Véronique Courjault, une mère jugée pour trois infanticides de nouveaux-nés mis au monde clandestinement, a été condamnée jeudi à huit ans de prison, au terme d'un procès complexe et très suivi en France.

Après un dernier regard à son mari et avoir touché la main d'une de ses soeurs, l'accusée, une petite brune de 41 ans à la mise ordinaire, a quitté son box, en larmes. Elle était pourtant restée impassible à l'annonce du verdict, rendu après presque huit heures de délibéré.

Jugée pour «assassinats», Mme Courjault encourait la réclusion criminelle à perpétuité.

L'avocat général avait requis la veille 10 ans de prison.

«Ne diabolisez pas Véronique Courjault, mais n'en faites pas une icône non plus», avait-il demandé.

«Cette femme a commis une faute, un crime, mais ce n'est pas un monstre», avait lancé pour sa part, la voix brisée par l'émotion, Henri Leclerc, l'un des conseils de Véronique Courjault.

Une grande partie du procès, commencé le 9 juin, avait tourné autour du degré de conscience qu'avait Mme Courjault des actes qu'elle avait commis.

L'avocat général a exprimé sa certitude qu'il ne s'agissait «en aucun cas d'un déni de grossesse», ce phénomène qui fait qu'une femme ne se sait pas ou refuse d'admettre qu'elle est enceinte, son entourage n'y voyant que du feu.

Dans son ultime déclaration à la cour, le visage rouge envahi par les larmes, Véronique Courjault a murmuré: «J'ai essayé de m'expliquer comme j'ai pu, je sais que mes mots ne sont pas souvent à la hauteur...».

«Je voudrais dire que j'ai conscience d'avoir tué nos enfants et que c'est quelque chose qui me restera longtemps», a-t-elle poursuivi en jetant un coup d'oeil vers son mari, qui n'a cessé de lui marquer son soutien.

Mme Courjault avait déjà reconnu que ce procès lui avait «permis de prendre conscience de plein de choses». «Mais je n'ai toujours pas de réponse», avait-elle précisé.

Pourquoi cette mère de deux enfants - âgés de 12 et 14 ans -, présentée par ses proches comme «une bonne maman, discrète, gentille», a-t-elle tué ses trois bébés?
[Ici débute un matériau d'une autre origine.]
(* Let $\rho\in\mathcal{D}(\mathcal{H})$ be a fixed density matrix. Then the function $\sigma\mapsto S(\rho\,\|\,\sigma)$ is $\lambda_{\max}(\rho)$-smooth and $\lambda_{\min}(\rho)$-strongly convex relative to the negative log determinant $\sigma\mapsto-\log\det(\sigma)$ on $\mathcal{D}(\mathcal{H})$.
   Context: $\mathcal{D}(\mathcal{H})$ is the set of positive semidefinite unit-trace Hermitian operators on $\mathcal{H}\cong\mathbb{C}^n$; $S(\rho\|\sigma)=\operatorname{tr}[\rho(\log\rho-\log\sigma)]$ is the quantum relative entropy. A function $g$ is $L$-smooth (resp. $\mu$-strongly convex) relative to $\varphi$ on $\mathcal{C}$ if $L\varphi-g$ (resp. $g-\mu\varphi$) is convex on the relative interior of $\mathcal{C}$ (here, the positive definite density matrices). *)

theory Defs
  imports "HOL-Analysis.Analysis"
begin

text \<open>Complex n x n matrices are modelled as complex^'n^'n for a finite index type 'n
  (so H = C^n with n = CARD('n)).\<close>

definition cadj :: "complex^'n^'n \<Rightarrow> complex^'n^'n" where
  "cadj A = (\<chi> i j. cnj (A $ j $ i))"

definition hermitian :: "complex^'n^'n \<Rightarrow> bool" where
  "hermitian A \<longleftrightarrow> cadj A = A"

definition unitary :: "complex^'n^'n \<Rightarrow> bool" where
  "unitary U \<longleftrightarrow> cadj U ** U = mat 1"

definition cquad :: "complex^'n^'n \<Rightarrow> complex^'n \<Rightarrow> complex" where
  "cquad A v = (\<Sum>i\<in>UNIV. cnj (v $ i) * (A *v v) $ i)"

definition psd :: "complex^'n^'n \<Rightarrow> bool" where
  "psd A \<longleftrightarrow> hermitian A \<and> (\<forall>v. cquad A v \<in> \<real> \<and> Re (cquad A v) \<ge> 0)"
Des actes qu'elle a elle-même qualifiés de «monstrueux et inexplicables».

«J'ai eu conscience d'être enceinte, cette conscience je l'ai perdue à un moment. Pour moi, je n'attendais pas de bébés», a expliqué l'accusée.
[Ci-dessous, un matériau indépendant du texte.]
(* Let $\lambda>0$ and set $\Lambda=-3\lambda$. Let $m,a,q\in\mathbb{R}$ be parameters with $\lambda a^2<1$, put $\Xi=1-\lambda a^2>0$ and $$\Delta_r=(r^2+a^2)(1+\lambda r^2)-2mr+q^2 .$$ Assume that the Kerr-Newman-anti-de Sitter solution with these parameters is a black hole, i.e. that the quartic $\Delta_r$ has real zeros, namely either two distinct real zeros $r_1<r_2$ or one real double zero $r_1=r_2$. Define the angular momentum $J=ma/\Xi^2$, the electric charge $Q=q/\Xi$, and the reduced areas of the Cauchy and event horizons $$\bar A_{\mathrm C}=\frac{r_1^2+a^2}{\Xi},\qquad \bar A_{\mathrm E}=\frac{r_2^2+a^2}{\Xi}.$$ The actual horizon areas are $A_{\mathrm C}=4\pi\bar A_{\mathrm C}$ and $A_{\mathrm E}=4\pi\bar A_{\mathrm E}$. Then $$4J^2+Q^4=\bar A_{\mathrm C}\bar A_{\mathrm E}\Big[1+2\lambda\big(\bar A_{\mathrm C}+\bar A_{\mathrm E}+Q^2\big)+\lambda^2\big(\bar A_{\mathrm C}^2+\bar A_{\mathrm C}\bar A_{\mathrm E}+\bar A_{\mathrm E}^2\big)\Big].$$
   Context: The Kerr-Newman-anti-de Sitter (KN-AdS) solution with cosmological constant $\Lambda=-3\lambda<0$ is written in Boyer-Lindquist-type coordinates $(r,\theta,\phi,t)$ as $$\mathrm ds^2=\varrho^2\Big(\frac{\mathrm dr^2}{\Delta_r}+\frac{\mathrm d\theta^2}{\Delta_\theta}\Big)+\frac{\Delta_\theta\sin^2\theta}{\Xi^2\varrho^2}\big[a\,\mathrm dt-(r^2+a^2)\,\mathrm d\phi\big]^2-\frac{\Delta_r}{\Xi^2\varrho^2}\big(\mathrm dt-a\sin^2\theta\,\mathrm d\phi\big)^2 .$$ Here $\varrho^2=r^2+a^2\cos^2\theta$ and $\Delta_\theta=1-\lambda a^2\cos^2\theta$. The electromagnetic potential is $A=-\frac{qr}{\varrho^2}(\mathrm dt-a\sin^2\theta\,\mathrm d\phi)$. The parameter $m$ is the mass parameter, $a$ the rotation parameter and $q$ the charge parameter. The mass is $M=m/\Xi^2$. For $\lambda>0$ the quartic $\Delta_r$ has at most two real zeros. The larger zero $r_2$ gives the event horizon and the smaller zero $r_1$ gives the Cauchy horizon. The black hole is degenerate exactly when $r_1=r_2$. *)

theory Defs
  imports Complex_Main
begin

definition KNAdS_Delta_r :: "real \<Rightarrow> real \<Rightarrow> real \<Rightarrow> real \<Rightarrow> real \<Rightarrow> real" where
  "KNAdS_Delta_r lam m a q r = (r^2 + a^2) * (1 + lam * r^2) - 2 * m * r + q^2"

definition KNAdS_Xi :: "real \<Rightarrow> real \<Rightarrow> real" where
  "KNAdS_Xi lam a = 1 - lam * a^2"

definition KNAdS_J :: "real \<Rightarrow> real \<Rightarrow> real \<Rightarrow> real" where
  "KNAdS_J lam m a = m * a / (KNAdS_Xi lam a)^2"

definition KNAdS_Q :: "real \<Rightarrow> real \<Rightarrow> real \<Rightarrow> real" where
  "KNAdS_Q lam a q = q / KNAdS_Xi lam a"

definition KNAdS_reduced_area :: "real \<Rightarrow> real \<Rightarrow> real \<Rightarrow> real" where
  "KNAdS_reduced_area lam a r = (r^2 + a^2) / KNAdS_Xi lam a"

end

theory Submission
  imports Defs
begin

text \<open>
  The two horizon radii are zeros of the quartic \<open>\<Delta>\<^sub>r\<close>.  If they are distinct, the
  divided difference \<open>(\<Delta>\<^sub>r(r\<^sub>1) - \<Delta>\<^sub>r(r\<^sub>2))/(r\<^sub>1 - r\<^sub>2)\<close> vanishes; if they coincide,
  \<open>\<Delta>\<^sub>r'(r\<^sub>1)\<close> vanishes.  In both cases this expresses the mass parameter through the
  horizons: \<open>2m = (r\<^sub>1 + r\<^sub>2)(1 + \<lambda>a\<^sup>2 + \<lambda>(r\<^sub>1\<^sup>2 + r\<^sub>2\<^sup>2))\<close>, and \<open>\<Delta>\<^sub>r(r\<^sub>1) = 0\<close> expresses
  \<open>q\<^sup>2\<close> in the same way.  Substituting both into \<open>4m\<^sup>2a\<^sup>2 + q\<^sup>4\<close> gives a polynomial identity
  in \<open>r\<^sub>1, r\<^sub>2, a, \<lambda>\<close>; dividing by \<open>\<Xi>\<^sup>4\<close> yields the area formula.
\<close>

lemma KNAdS_Delta_r_eq:
  "KNAdS_Delta_r lam m a q = (\<lambda>r. lam * r^4 + (1 + lam * a^2) * r^2 - 2 * m * r + (a^2 + q^2))"
  by (rule ext) (simp add: KNAdS_Delta_r_def algebra_simps power2_eq_square power4_eq_xxxx)

lemma KNAdS_Delta_r_has_real_derivative:
  "(KNAdS_Delta_r lam m a q has_real_derivative
      4 * lam * r^3 + 2 * (1 + lam * a^2) * r - 2 * m) (at r)"
  unfolding KNAdS_Delta_r_eq by (rule derivative_eq_intros refl | simp)+

lemma KNAdS_Delta_r_diff:
  "KNAdS_Delta_r lam m a q r1 - KNAdS_Delta_r lam m a q r2 =
     (r1 - r2) * (lam * (r1 + r2) * (r1^2 + r2^2) + (1 + lam * a^2) * (r1 + r2) - 2 * m)"
  unfolding KNAdS_Delta_r_def by algebra

lemma KNAdS_mass_from_horizons:
  assumes "KNAdS_Delta_r lam m a q r1 = 0" and "KNAdS_Delta_r lam m a q r2 = 0"
    and "r1 = r2 \<longrightarrow> (KNAdS_Delta_r lam m a q has_real_derivative 0) (at r1)"
  shows "2 * m = (r1 + r2) * (1 + lam * a^2 + lam * (r1^2 + r2^2))"
proof (cases "r1 = r2")
  case True
  then have "4 * lam * r1^3 + 2 * (1 + lam * a^2) * r1 - 2 * m = 0"
    using DERIV_unique[OF KNAdS_Delta_r_has_real_derivative] assms(3) by blast
  with True show ?thesis by (simp add: algebra_simps power2_eq_square power3_eq_cube)
next
  case False
  have "(r1 - r2) * (lam * (r1 + r2) * (r1^2 + r2^2) + (1 + lam * a^2) * (r1 + r2) - 2 * m) = 0"
    using KNAdS_Delta_r_diff[of lam m a q r1 r2] assms(1,2) by simp
  with False have "lam * (r1 + r2) * (r1^2 + r2^2) + (1 + lam * a^2) * (r1 + r2) - 2 * m = 0"
    by simp
  then show ?thesis by (simp add: algebra_simps)
qed

lemma KNAdS_charge_from_horizon:
  assumes "KNAdS_Delta_r lam m a q r = 0"
  shows "q^2 = 2 * m * r - (r^2 + a^2) * (1 + lam * r^2)"
  using assms unfolding KNAdS_Delta_r_def by algebra

lemma horizon_area_identity:
  fixes lam m a c r1 r2 :: real
  assumes "2 * m = (r1 + r2) * (1 + lam * a^2 + lam * (r1^2 + r2^2))"
    and "c = 2 * m * r1 - (r1^2 + a^2) * (1 + lam * r1^2)"
  defines "A \<equiv> r1^2 + a^2" and "B \<equiv> r2^2 + a^2" and "X \<equiv> 1 - lam * a^2"
  shows "4 * m^2 * a^2 + c^2 =
     A * B * (X^2 + 2 * lam * (X * (A + B) + c) + lam^2 * (A^2 + A * B + B^2))"
  using assms by algebra

lemma horizon_area_identity_reduced:
  fixes lam m a q X A B :: real
  assumes "X \<noteq> 0"
    and "4 * m^2 * a^2 + (q^2)^2 =
       A * B * (X^2 + 2 * lam * (X * (A + B) + q^2) + lam^2 * (A^2 + A * B + B^2))"
  shows "4 * (m * a / X^2)^2 + (q / X)^4 =
     A / X * (B / X) * (1 + 2 * lam * (A / X + B / X + (q / X)^2)
       + lam^2 * ((A / X)^2 + A / X * (B / X) + (B / X)^2))"
proof -
  have "4 * (m * a / X^2)^2 + (q / X)^4 = (4 * m^2 * a^2 + (q^2)^2) / X^4"
    using assms(1) by (simp add: power_divide power_mult_distrib field_simps)
  also have "\<dots> = A * B * (X^2 + 2 * lam * (X * (A + B) + q^2) + lam^2 * (A^2 + A * B + B^2)) / X^4"
    using assms(2) by simp
  also have "\<dots> = A / X * (B / X) * (1 + 2 * lam * (A / X + B / X + (q / X)^2)
       + lam^2 * ((A / X)^2 + A / X * (B / X) + (B / X)^2))"
    using assms(1) by (simp add: power_divide field_simps power2_eq_square power4_eq_xxxx)
  finally show ?thesis .
qed

theorem mainTheorem1:
  fixes lam m a q r1 r2 :: real
  assumes lam_pos: "lam > 0"
    and rot: "lam * a^2 < 1"
    and r_order: "r1 \<le> r2"
    and zero1: "KNAdS_Delta_r lam m a q r1 = 0"
    and zero2: "KNAdS_Delta_r lam m a q r2 = 0"
    and all_zeros: "\<forall>r. KNAdS_Delta_r lam m a q r = 0 \<longrightarrow> r = r1 \<or> r = r2"
    and double: "r1 = r2 \<longrightarrow> (KNAdS_Delta_r lam m a q has_real_derivative 0) (at r1)"
  shows "4 * (KNAdS_J lam m a)^2 + (KNAdS_Q lam a q)^4 =
      KNAdS_reduced_area lam a r1 * KNAdS_reduced_area lam a r2 *
      (1 + 2 * lam * (KNAdS_reduced_area lam a r1 + KNAdS_reduced_area lam a r2 + (KNAdS_Q lam a q)^2)
         + lam^2 * ((KNAdS_reduced_area lam a r1)^2
                    + KNAdS_reduced_area lam a r1 * KNAdS_reduced_area lam a r2
                    + (KNAdS_reduced_area lam a r2)^2))"
proof -
  have Xi: "KNAdS_Xi lam a \<noteq> 0"
    using rot by (simp add: KNAdS_Xi_def)
  have "4 * m^2 * a^2 + (q^2)^2 =
      (r1^2 + a^2) * (r2^2 + a^2) * ((KNAdS_Xi lam a)^2
        + 2 * lam * (KNAdS_Xi lam a * ((r1^2 + a^2) + (r2^2 + a^2)) + q^2)
        + lam^2 * ((r1^2 + a^2)^2 + (r1^2 + a^2) * (r2^2 + a^2) + (r2^2 + a^2)^2))"
    unfolding KNAdS_Xi_def
    by (rule horizon_area_identity[OF KNAdS_mass_from_horizons[OF zero1 zero2 double]
          KNAdS_charge_from_horizon[OF zero1]])
  from horizon_area_identity_reduced[OF Xi this] show ?thesis
    unfolding KNAdS_J_def KNAdS_Q_def KNAdS_reduced_area_def .
qed

end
Faux, ont rétorqué les experts-psychiatres qui l'ont examinée.

«Elle savait qu'elle était enceinte et que la mort était la conséquence inévitable de sa dissimulation», a affirmé le docteur Paul Bensussan.

Pour le docteur Fanny Puel-Metivier, elle a «rangé cette réalité dans un tiroir de sa tête et parfois l'ouvrait avant de vite le refermer».

C'est la découverte par le mari, à l'été 2006, de deux petits cadavres dans le congélateur familial à Séoul, qui avait lancé l'affaire.

Après avoir nié, Véronique Courjault a finalement reconnu être la mère. Et a avoué trois infanticides de nouveaux-nés: le premier, dont elle a brûlé le corps, est né en France à l'été 1999; les deux autres, en septembre 2002 et décembre 2003, à Séoul où son mari, ingénieur, travaillait pour une société américaine.

Jean-Louis, 42 ans, a été mis hors de cause après avoir été dans un premier temps inculpé pour «complicité d'assassinats». Il s'est montré très soulagé jeudi soir.

«C'est une peine qui va nous permettre de reconstruire, d'entrevoir le bout du tunnel. Je viens de l'annoncer à mes enfants et je peux vous assurer qu'il y a de la joie à la maison. Dans quelques temps (....), quelques mois (...), Véronique pourra retrouver ses enfants et ce sera le début du renouveau», a-t-il dit à la presse.